With his flat Midwestern accent (“It's my play-sure!”), high-pitched giggle, gauzy complexion and goofy pageboy haircut, Depp (“Edward Scissorhands”) cuts a mighty odd figure (think Natalie Portman in “The Professional” meets The Church Lady), but reports of his Jacko-ness have been highly exaggerated. Wonka isn't lecherous, just uniquely deranged: When he insists that whipped cream is made by whipping cows, he doesn't say it with a Wilderesque wink. He means it.

Enter Charlie Bucket (Freddie Highmore from “Finding Neverland”), a poor-as-can-be young lad who finds one of Wonka's vaunted golden tickets wedged in a chocolate bar, entitling him — along with four other children — to an unprecedented tour of the chocolate factory's magical inner workings.
Burton and screenwriter John August (“Big Fish”) have preserved Dahl's original vision of Charlie's spoiled rivals, with minor tuning. A-type champion gum chewer Violet Beauregarde (Annasophia Robb) is chaperoned by her freaky Bible Belt mother (“Galaxy Quest” actress Missi Pyle, hilarious).

Boob-tube addict Mike Teavee (Jordon Fry) now prefers carnage-soaked video games, and appears destined for Trenchcoat Mafia induction.
With kindly Grandpa Joe (David Kelly from “Waking Ned Devine”) in tow, Charlie soaks in the wonders of Wonka's neverland, including the Oompa Loompas, an army of indentured pygmies who burst into elaborate, Bollywood-meets-Esther Williams-style musical productions whenever one of the children meets an unkind (yet karma-appropriate) fate.

Played by pint-sized Indian actor Deep Roy, who was digitally Xeroxed for the role, Burton's Oompa Loompas aren't as eye-grabbing as the pear-shaped, orange-skinned breed in the Wilder movie, but they are more hilariously nimble, riding Violet's engorged, blueberry-plumped body like a team of miniature log rollers.

Fans of the original movie will undoubtedly find Burton's version somewhat cold and nonpaternal by comparison, but it's a funnier, more polished film, and like the new, goopy chocolate in Wonka's river, much richer.

Though singularly bizarre, Depp's Wonka is also close enough to the usual Burton antihero model that the filmmaker feels free to reference himself.

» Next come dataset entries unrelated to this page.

lemma abs_g_series_le_log_bound:
  assumes "c > 0" "P \<ge> 1" "\<epsilon> \<ge> 0" "S \<le> B"
    and "(\<lambda>n. \<bar>gc (Suc n)\<bar> * decay_rate c ^ Suc n) sums S"
    and "\<And>i. i \<in> {1..P} \<Longrightarrow> \<bar>g_series gc (cheb_node c P i)\<bar> \<le> \<epsilon>"
    and "0 \<le> x" "x \<le> 1 / (1 + c)"
  shows "\<bar>g_series gc x\<bar> \<le> (16 + 34 * B * (zeta c - 1)) * (ln (real P + 1) + 1) *
           (\<epsilon> + zeta c powr (- real P) / (zeta c - 1))"
proof -
  define L where "L = ln (real P + 1) + 1"
  define T where "T = zeta c powr (- real P) / (zeta c - 1)"
  define Q where "Q = 2 * B * (zeta c - 1)"
  define E where "E = 2 * S / zeta c ^ P"
  have z: "zeta c > 1" using zeta_gt_one[OF assms(1)] .
  have "0 \<le> decay_rate c" using assms(1) by (simp add: decay_rate_def)
  then have "0 \<le> S" using sums_le[OF _ sums_zero assms(5)] by simp
  have "ln (real P) \<le> ln (real P + 1)" using assms(2) by simp
  then have "harm P \<le> L" using harm_le_ln_plus_one[OF assms(2)] by (simp add: L_def)
  have "1 \<le> L" "0 \<le> T" "0 \<le> E" "0 \<le> Q"
    using z \<open>0 \<le> S\<close> assms(4) by (simp_all add: L_def T_def E_def Q_def)
  have "E \<le> Q * T"
  proof -
    have "Q * T = 2 * B / zeta c ^ P"
      using z by (simp add: Q_def T_def powr_minus powr_realpow field_simps)
    then show ?thesis using assms(4) z by (simp add: E_def divide_right_mono)
  qed
  have "\<bar>g_series gc x\<bar> \<le> 16 * harm P * (\<epsilon> + E) + E"
    unfolding E_def using abs_g_series_le_nodes[OF assms(1,2,5,6,7,8)] .
  also have "\<dots> \<le> 16 * L * (\<epsilon> + Q * T) + L * (Q * T)"
    using \<open>harm P \<le> L\<close> \<open>E \<le> Q * T\<close> \<open>0 \<le> E\<close> assms(3) harm_nonneg[of P]
      mult_right_mono[OF \<open>1 \<le> L\<close>, of "Q * T"] \<open>0 \<le> Q\<close> \<open>0 \<le> T\<close>
    by (intro add_mono mult_mono) auto
  also have "\<dots> \<le> (16 + 17 * Q) * L * (\<epsilon> + T)"
  proof -
    have "0 \<le> 16 * L * T + 17 * Q * L * \<epsilon>"
      using \<open>1 \<le> L\<close> \<open>0 \<le> T\<close> \<open>0 \<le> Q\<close> assms(3) by simp
    then show ?thesis by (simp add: algebra_simps)
  qed
  finally show ?thesis by (simp add: L_def T_def Q_def algebra_simps)
qed

lemma summable_powr_mult_geometric:
  fixes q :: real
  assumes "0 < q" "q < 1"
  shows "summable (\<lambda>n. real n powr a * q ^ n)"
proof (rule summable_comparison_test_bigo)
  show "summable (\<lambda>n. norm (((1 + q) / 2) ^ n))"
    using assms by simp
  show "(\<lambda>n. real n powr a * q ^ n) \<in> O(\<lambda>n. ((1 + q) / 2) ^ n)"
    using assms by real_asymp
qed

theorem mainTheorem6:
  fixes a C c :: real
  assumes "a > -1" and "C > 0" and "c > 0"
  shows "\<exists>D::real. \<forall>(gc::nat \<Rightarrow> real) (P::nat) (\<epsilon>::real).
           (\<forall>n\<ge>1. \<bar>gc n\<bar> \<le> C * real n powr a) \<and> P \<ge> 1 \<and> \<epsilon> > 0 \<and>
           (\<forall>i\<in>{1..P}. \<bar>g_series gc (cheb_node c P i)\<bar> < \<epsilon>)
           \<longrightarrow> (\<forall>x\<in>{0..1 / (1 + c)}.
                 \<bar>g_series gc x\<bar> \<le> D * (ln (real P + 1) + 1) *
                    (\<epsilon> + zeta c powr (- real P) / (zeta c - 1)))"
proof -
  let ?r = "decay_rate c"
  have r: "0 < ?r" "?r < 1" using assms(3) by (simp_all add: decay_rate_def)
  define B where "B = (\<Sum>n. C * real (Suc n) powr a * ?r ^ Suc n)"
  have B: "summable (\<lambda>n. C * real (Suc n) powr a * ?r ^ Suc n)"
    using summable_mult[OF summable_powr_mult_geometric[OF r], of C a]
    by (subst summable_Suc_iff) (simp add: mult.assoc)
  show ?thesis
  proof (intro exI[of _ "16 + 34 * B * (zeta c - 1)"] allI impI ballI)
    fix gc P \<epsilon> x
    assume H: "(\<forall>n\<ge>1. \<bar>gc n\<bar> \<le> C * real n powr a) \<and> P \<ge> 1 \<and> \<epsilon> > 0 \<and>
      (\<forall>i\<in>{1..P}. \<bar>g_series gc (cheb_node c P i)\<bar> < \<epsilon>)" and x: "x \<in> {0..1 / (1 + c)}"
    have gc: "\<bar>gc (Suc n)\<bar> * ?r ^ Suc n \<le> C * real (Suc n) powr a * ?r ^ Suc n" for n
      using H r by (intro mult_right_mono) auto
    have gc_summable: "summable (\<lambda>n. \<bar>gc (Suc n)\<bar> * ?r ^ Suc n)"
      using B by (rule summable_comparison_test') (use gc r in \<open>simp add: abs_mult\<close>)
    show "\<bar>g_series gc x\<bar> \<le> (16 + 34 * B * (zeta c - 1)) * (ln (real P + 1) + 1) *
        (\<epsilon> + zeta c powr (- real P) / (zeta c - 1))"
      using H x
      by (intro abs_g_series_le_log_bound[OF assms(3) _ _ suminf_le[OF gc gc_summable B, folded B_def]
            summable_sums[OF gc_summable]]) (auto intro: less_imp_le)
  qed
qed

end
(* The class of data languages accepted by SAFA is not closed under homomorphism: there exist a data language $L\subseteq(\Sigma\times D)^*$ accepted by some SAFA and a homomorphism $h:(\Sigma\times D)^*\to(\Sigma\times D)^*$ such that no SAFA accepts $h(L)=\{h(w): w\in L\}$.
   Context: $D$ is a fixed countably infinite set of data values; for a finite alphabet $\Sigma$, data words are elements of $(\Sigma\times D)^*$. A homomorphism of data words is a monoid homomorphism $h:(\Sigma\times D)^*\to(\Sigma\times D)^*$, i.e. $h(\varepsilon)=\varepsilon$ and $h(uv)=h(u)h(v)$, determined by the images $h((a,d))$ of single letters. A set augmented finite automaton (SAFA) is a tuple $M=(Q,\Sigma\times D,q_0,F,H,\delta)$: $Q$ finite set of states, $q_0\in Q$ initial, $F\subseteq Q$ final, $H=\{h_1,\dots,h_m\}$ a finite collection of (names of) sets of data values, $\delta\subseteq Q\times\Sigma\times C\times OP\times Q$ with $C=\{p(h_i),\,!p(h_i)\}$, $OP=\{-\}\cup\{\mathsf{ins}(h_i)\}$. Configurations are $(q,\langle S_1,\dots,S_m\rangle)$ with $S_i\subseteq D$ finite; initially state $q_0$ and all sets empty. On reading $(a,d)$, a transition $(q,a,\alpha,op,q')$ from the current state may be taken if $\alpha=p(h_i)$ and $d\in S_i$, or $\alpha=\,!p(h_i)$ and $d\notin S_i$; then the state becomes $q'$ and if $op=\mathsf{ins}(h_j)$ the value $d$ is added to $S_j$ ($op=-$ changes nothing). A word is accepted if some run reads it entirely and ends in $F$. *)

theory Defs
  imports Main
begin

text \<open>Data values D are modelled by the countably infinite type nat; letters of the
finite alphabet Sigma are drawn from nat as well (Sigma is an explicit finite set).
States of an automaton are a finite set of naturals; the sets h_1..h_m are indexed 0..<m.\<close>

type_synonym dword = "(nat \<times> nat) list"

datatype cond = Pmem nat | NPmem nat
datatype oper = NoOp | Ins nat

record safa =
  states :: "nat set"
  alpha  :: "nat set"
  init   :: nat
  final  :: "nat set"
  nsets  :: nat
  delta  :: "(nat \<times> nat \<times> cond \<times> oper \<times> nat) set"

fun cond_idx :: "cond \<Rightarrow> nat" where
  "cond_idx (Pmem i) = i" | "cond_idx (NPmem i) = i"

fun oper_ok :: "nat \<Rightarrow> oper \<Rightarrow> bool" where
  "oper_ok m NoOp = True" | "oper_ok m (Ins j) = (j < m)"

definition wf_safa :: "safa \<Rightarrow> bool" where
  "wf_safa M \<longleftrightarrow> finite (states M) \<and> finite (alpha M) \<and> init M \<in> states M
     \<and> final M \<subseteq> states M
     \<and> (\<forall>(q, a, c, op, q') \<in> delta M. q \<in> states M \<and> a \<in> alpha M
           \<and> cond_idx c < nsets M \<and> oper_ok (nsets M) op \<and> q' \<in> states M)"

fun cond_holds :: "cond \<Rightarrow> nat \<Rightarrow> (nat \<Rightarrow> nat set) \<Rightarrow> bool" where
  "cond_holds (Pmem i) d S = (d \<in> S i)"
| "cond_holds (NPmem i) d S = (d \<notin> S i)"

fun apply_op :: "oper \<Rightarrow> nat \<Rightarrow> (nat \<Rightarrow> nat set) \<Rightarrow> (nat \<Rightarrow> nat set)" where
  "apply_op NoOp d S = S"
| "apply_op (Ins j) d S = S(j := insert d (S j))"

type_synonym config = "nat \<times> (nat \<Rightarrow> nat set)"

definition step :: "safa \<Rightarrow> config \<Rightarrow> nat \<times> nat \<Rightarrow> config \<Rightarrow> bool" where
  "step M c x c' \<longleftrightarrow> (\<exists>\<alpha> op. (fst c, fst x, \<alpha>, op, fst c') \<in> delta M
      \<and> cond_holds \<alpha> (snd x) (snd c) \<and> snd c' = apply_op op (snd x) (snd c))"

inductive run :: "safa \<Rightarrow> config \<Rightarrow> dword \<Rightarrow> config \<Rightarrow> bool" for M where
  run_nil: "run M c [] c"
| run_cons: "step M c x c' \<Longrightarrow> run M c' w c'' \<Longrightarrow> run M c (x # w) c''"

definition lang :: "safa \<Rightarrow> dword set" where
  "lang M = {w. \<exists>q S. run M (init M, \<lambda>_. {}) w (q, S) \<and> q \<in> final M}"

definition hom :: "(nat \<times> nat \<Rightarrow> dword) \<Rightarrow> dword \<Rightarrow> dword" where
  "hom f w = concat (map f w)"

end

theory Submission
  imports Defs
begin

text \<open>Let L be the set of all words over the one-letter alphabet and let the homomorphism
double every letter; then the image consists of the words (a,d_1)(a,d_1)(a,d_2)(a,d_2)... .
Suppose a SAFA with m sets accepted it, and follow an accepting run on a word with m+1 distinct
values b_0 < b_1 < ... . At the second occurrence of b_i the transition tests b_i against a set.
A test !p(h_k) is also passed by a fresh value, and a test p(h_k) by any older value already in
h_k; as the value read is never seen again, the rest of the run is unaffected, and the run accepts
a word that is not doubled. The only remaining case is a test p(h_k) with h_k = {b_i}, which means
that h_k was empty before b_i was read; this can happen at most m times.\<close>

fun doubled :: "dword \<Rightarrow> bool" where
  "doubled [] = True"
| "doubled [x] = False"
| "doubled (x # y # w) = (x = y \<and> doubled w)"

definition double :: "nat \<times> nat \<Rightarrow> dword" where
  "double x = [x, x]"

lemma doubled_hom_double: "doubled (hom double w)"
  by (induction w) (auto simp: hom_def double_def)

definition doubled_word :: "nat \<Rightarrow> nat \<Rightarrow> nat \<Rightarrow> dword" where
  "doubled_word a b n = hom double (map (Pair a) [b..<b+n])"

lemma doubled_word_Suc:
  "doubled_word a b (Suc n) = (a, b) # (a, b) # doubled_word a (Suc b) n"
  by (simp add: doubled_word_def hom_def double_def upt_conv_Cons)

lemma data_doubled_word: "snd ` set (doubled_word a b n) = {b..<b+n}"
  by (force simp: doubled_word_def hom_def double_def)

definition filled_sets :: "nat \<Rightarrow> (nat \<Rightarrow> nat set) \<Rightarrow> nat set" where
  "filled_sets m S = {j. j < m \<and> S j \<noteq> {}}"

lemma card_filled_sets_le: "card (filled_sets m S) \<le> m"
  using card_mono[of "{..<m}" "filled_sets m S"] by (auto simp: filled_sets_def)

lemma card_filled_sets_less:
  assumes "\<And>j. S j \<subseteq> T j" and "S k = {}" and "T k \<noteq> {}" and "k < m"
  shows "card (filled_sets m S) < card (filled_sets m T)"
proof (rule psubset_card_mono)
  show "finite (filled_sets m T)" by (simp add: filled_sets_def)
  have "filled_sets m S \<subseteq> filled_sets m T"
    using assms(1) by (auto simp: filled_sets_def)
  moreover have "k \<in> filled_sets m T - filled_sets m S"
    using assms(2-4) by (simp add: filled_sets_def)
  ultimately show "filled_sets m S \<subset> filled_sets m T" by blast
qed

lemma apply_op_mono: "S j \<subseteq> apply_op op d S j"
  by (cases op) auto

lemma apply_op_subset: "(\<And>i. S i \<subseteq> A) \<Longrightarrow> d \<in> A \<Longrightarrow> apply_op op d S j \<subseteq> A"
  by (cases op) auto

lemma run_Cons_iff: "run M c (x # w) c'' \<longleftrightarrow> (\<exists>c'. step M c x c' \<and> run M c' w c'')"
  using run.simps[of M c "x # w" c''] by auto

lemma step_iff_transition:
  "step M (q, S) (a, d) (q', S') \<longleftrightarrow>
     (\<exists>\<alpha> op. (q, a, \<alpha>, op, q') \<in> delta M \<and> cond_holds \<alpha> d S \<and> S' = apply_op op d S)"
  by (simp add: step_def)

lemma run_agreeing_sets:
  assumes "run M c w c'" and "\<forall>j. \<forall>d \<in> snd ` set w. d \<in> snd c j \<longleftrightarrow> d \<in> T j"
  shows "\<exists>T'. run M (fst c, T) w (fst c', T')"
  using assms
proof (induction arbitrary: T rule: run.induct)
  case (run_nil c)
  then show ?case by (auto intro: run.run_nil)
next
  case (run_cons c x c' w c'')
  from run_cons.hyps(1) obtain \<alpha> op where
    transition: "(fst c, fst x, \<alpha>, op, fst c') \<in> delta M" and
    holds: "cond_holds \<alpha> (snd x) (snd c)" and c': "snd c' = apply_op op (snd x) (snd c)"
    unfolding step_def by blast
  define T1 where "T1 = apply_op op (snd x) T"
  have "cond_holds \<alpha> (snd x) T" using holds run_cons.prems by (cases \<alpha>) auto
  then have "step M (fst c, T) x (fst c', T1)"
    unfolding step_def T1_def using transition by auto
  moreover have "\<forall>j. \<forall>d \<in> snd ` set w. d \<in> snd c' j \<longleftrightarrow> d \<in> T1 j"
    using run_cons.prems unfolding c' T1_def by (cases op) auto
  then obtain T' where "run M (fst c', T1) w (fst c'', T')" using run_cons.IH by blast
  ultimately show ?case by (auto intro: run.run_cons)
qed

lemma run_replace_value:
  assumes transition: "(q1, a, \<alpha>, op, q2) \<in> delta M"
    and r: "run M (q2, apply_op op x S) w (q', S')"
    and holds: "cond_holds \<alpha> y S"
    and "x \<notin> snd ` set w" and "y \<notin> snd ` set w"
  shows "\<exists>S''. run M (q1, S) ((a, y) # w) (q', S'')"
proof -
  have "\<forall>j. \<forall>e \<in> snd ` set w. e \<in> apply_op op x S j \<longleftrightarrow> e \<in> apply_op op y S j"
    using assms(4,5) by (cases op) auto
  then obtain T' where "run M (q2, apply_op op y S) w (q', T')"
    using run_agreeing_sets[OF r] by fastforce
  moreover have "step M (q1, S) (a, y) (q2, apply_op op y S)"
    using transition holds by (auto simp: step_def)
  ultimately show ?thesis by (auto intro: run.run_cons)
qed

lemma replacement_value_exists:
  assumes "cond_holds \<alpha> b S" and "\<And>j. S j \<subseteq> {..b}"
  obtains y where "y < b \<or> y > b + n" and "cond_holds \<alpha> y S"
  | k where "\<alpha> = Pmem k" and "S k = {b}"
proof (cases \<alpha>)
  case (NPmem k)
  have "Suc (b + n) \<notin> S k" using assms(2) by fastforce
  then show ?thesis using that(1)[of "Suc (b + n)"] NPmem by simp
next
  case (Pmem k)
  show ?thesis
  proof (cases "S k = {b}")
    case False
    then obtain e where "e \<in> S k" and "e \<noteq> b" using assms(1) Pmem by auto
    moreover have "e \<le> b" using \<open>e \<in> S k\<close> assms(2) by auto
    ultimately show ?thesis using that(1)[of e] Pmem by simp
  qed (use that(2) Pmem in blast)
qed

lemma card_filled_sets_less_Pmem:
  assumes "wf_safa M" and "(q, a, Pmem k, op, q') \<in> delta M"
    and "apply_op op1 b S k = {b}" and "b \<notin> S k"
  shows "card (filled_sets (nsets M) S)
    < card (filled_sets (nsets M) (apply_op op b (apply_op op1 b S)))"
proof (rule card_filled_sets_less)
  show "k < nsets M" using assms(1,2) unfolding wf_safa_def by fastforce
  show "S k = {}" using assms(3,4) apply_op_mono[of S k op1 b] by auto
  show "S j \<subseteq> apply_op op b (apply_op op1 b S) j" for j
    by (meson apply_op_mono order_trans)
  show "apply_op op b (apply_op op1 b S) k \<noteq> {}"
    using assms(3) apply_op_mono[of "apply_op op1 b S" k op b] by auto
qed

lemma undoubled_run_from_doubled_word:
  assumes wf: "wf_safa M"
  shows "run M (q, S) (doubled_word a b n) (q', S') \<Longrightarrow> (\<And>j. S j \<subseteq> {..<b}) \<Longrightarrow>
    card (filled_sets (nsets M) S) + n > nsets M \<Longrightarrow>
    \<exists>w S''. run M (q, S) w (q', S'') \<and> \<not> doubled w"
proof (induction n arbitrary: b q S)
  case 0
  then show ?case using card_filled_sets_le[of "nsets M" S] by simp
next
  case (Suc n b q S)
  let ?rest = "doubled_word a (Suc b) n"
  from Suc.prems(1) obtain q1 S1 q2 S2 where
    first: "step M (q, S) (a, b) (q1, S1)" and second: "step M (q1, S1) (a, b) (q2, S2)" and
    rest: "run M (q2, S2) ?rest (q', S')"
    unfolding doubled_word_Suc run_Cons_iff by auto
  from first obtain op1 where S1: "S1 = apply_op op1 b S"
    by (auto simp: step_iff_transition)
  from second obtain \<alpha> op where transition: "(q1, a, \<alpha>, op, q2) \<in> delta M" and
    holds: "cond_holds \<alpha> b S1" and S2: "S2 = apply_op op b S1"
    by (auto simp: step_iff_transition)
  have rest_data: "snd ` set ?rest = {Suc b..<Suc b + n}" by (rule data_doubled_word)
  have S_le: "S j \<subseteq> {..b}" for j using Suc.prems(2)[of j] by auto
  have "S1 j \<subseteq> {..b}" for j
    unfolding S1 using S_le by (intro apply_op_subset) auto
  then consider y where "y < b \<or> y > b + n" "cond_holds \<alpha> y S1"
    | k where "\<alpha> = Pmem k" "S1 k = {b}"
    using replacement_value_exists holds by metis
  then show ?case
  proof cases
    case (1 y)
    then obtain S'' where "run M (q1, S1) ((a, y) # ?rest) (q', S'')"
      using run_replace_value[OF transition rest[unfolded S2]] rest_data by force
    then have "run M (q, S) ((a, b) # (a, y) # ?rest) (q', S'')"
      using first by (auto intro: run.run_cons)
    moreover have "\<not> doubled ((a, b) # (a, y) # ?rest)" using 1 by auto
    ultimately show ?thesis by blast
  next
    case (2 k)
    have "b \<notin> S k" using Suc.prems(2)[of k] by auto
    then have "card (filled_sets (nsets M) S) < card (filled_sets (nsets M) S2)"
      using card_filled_sets_less_Pmem[OF wf] transition 2 unfolding S1 S2 by blast
    moreover have "S2 j \<subseteq> {..<Suc b}" for j
      unfolding lessThan_Suc_atMost S2 S1 using S_le by (intro apply_op_subset) auto
    ultimately obtain w S'' where "run M (q2, S2) w (q', S'')" and "\<not> doubled w"
      using Suc.IH[OF rest] Suc.prems(3) by fastforce
    then show ?thesis using first second
      by (intro exI[of _ "(a, b) # (a, b) # w"]) (auto intro: run.run_cons)
  qed
qed

lemma safa_lang_not_doubled:
  assumes "wf_safa M" and "\<And>n. doubled_word a 0 n \<in> lang M"
  shows "\<exists>w \<in> lang M. \<not> doubled w"
proof -
  obtain q S where run: "run M (init M, \<lambda>_. {}) (doubled_word a 0 (Suc (nsets M))) (q, S)"
    and "q \<in> final M"
    using assms(2) unfolding lang_def by blast
  moreover obtain w S'' where "run M (init M, \<lambda>_. {}) w (q, S'')" and "\<not> doubled w"
    using undoubled_run_from_doubled_word[OF assms(1) run] by auto
  ultimately show ?thesis unfolding lang_def by blast
qed

definition universal_safa :: safa where
  "universal_safa = \<lparr>states = {0}, alpha = {0}, init = 0, final = {0}, nsets = 1,
     delta = {(0, 0, Pmem 0, NoOp, 0), (0, 0, NPmem 0, NoOp, 0)}\<rparr>"

lemma wf_universal_safa: "wf_safa universal_safa"
  by (simp add: wf_safa_def universal_safa_def)

lemma run_universal_safa: "run universal_safa (0, S) (map (Pair 0) ds) (0, S)"
proof (induction ds)
  case Nil
  then show ?case by (simp add: run.run_nil)
next
  case (Cons d ds)
  have "step universal_safa (0, S) (0, d) (0, S)"
    by (cases "d \<in> S 0") (force simp: step_def universal_safa_def)+
  then show ?case using Cons by (auto intro: run.run_cons)
qed

lemma map_Pair_in_lang_universal_safa: "map (Pair 0) ds \<in> lang universal_safa"
  using run_universal_safa by (auto simp: lang_def universal_safa_def)

theorem theorem9:
  shows "\<exists>Sigma :: nat set. finite Sigma \<and>
    (\<exists>M f. wf_safa M \<and> alpha M = Sigma
       \<and> (\<forall>a\<in>Sigma. \<forall>d. set (f (a, d)) \<subseteq> Sigma \<times> UNIV)
       \<and> \<not> (\<exists>M'. wf_safa M' \<and> alpha M' = Sigma \<and> lang M' = hom f ` lang M))"
proof (intro exI conjI)
  show "wf_safa universal_safa" by (rule wf_universal_safa)
  show "alpha universal_safa = {0}" by (simp add: universal_safa_def)
  show "\<forall>a\<in>{0}. \<forall>d. set (double (a, d)) \<subseteq> {0} \<times> UNIV" by (simp add: double_def)
  show "\<not> (\<exists>M'. wf_safa M' \<and> alpha M' = {0} \<and> lang M' = hom double ` lang universal_safa)"
  proof
    assume "\<exists>M'. wf_safa M' \<and> alpha M' = {0} \<and> lang M' = hom double ` lang universal_safa"
    then obtain M' where wf: "wf_safa M'" and L: "lang M' = hom double ` lang universal_safa"
      by blast
    have "doubled_word 0 0 n \<in> lang M'" for n
      unfolding L doubled_word_def using map_Pair_in_lang_universal_safa by blast
    then show False
      using safa_lang_not_doubled[OF wf] doubled_hom_double unfolding L by blast
  qed
qed simp

end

Wonka wields a pair of scissors in one scene (mimicking his pale-skinned cousin in “Edward Scissorhands”) and oversees the shearing of a pink-wooled sheep in another (presumably to make an outfit for Ed Wood).
While Wilder played Wonka as a candy-making mensch who essentially has the children's best interests at heart, Depp plays him as a troubled soul with his own issues, and his own arc. And that's a good thing. He's not as nice a guy, but he's much more of a character.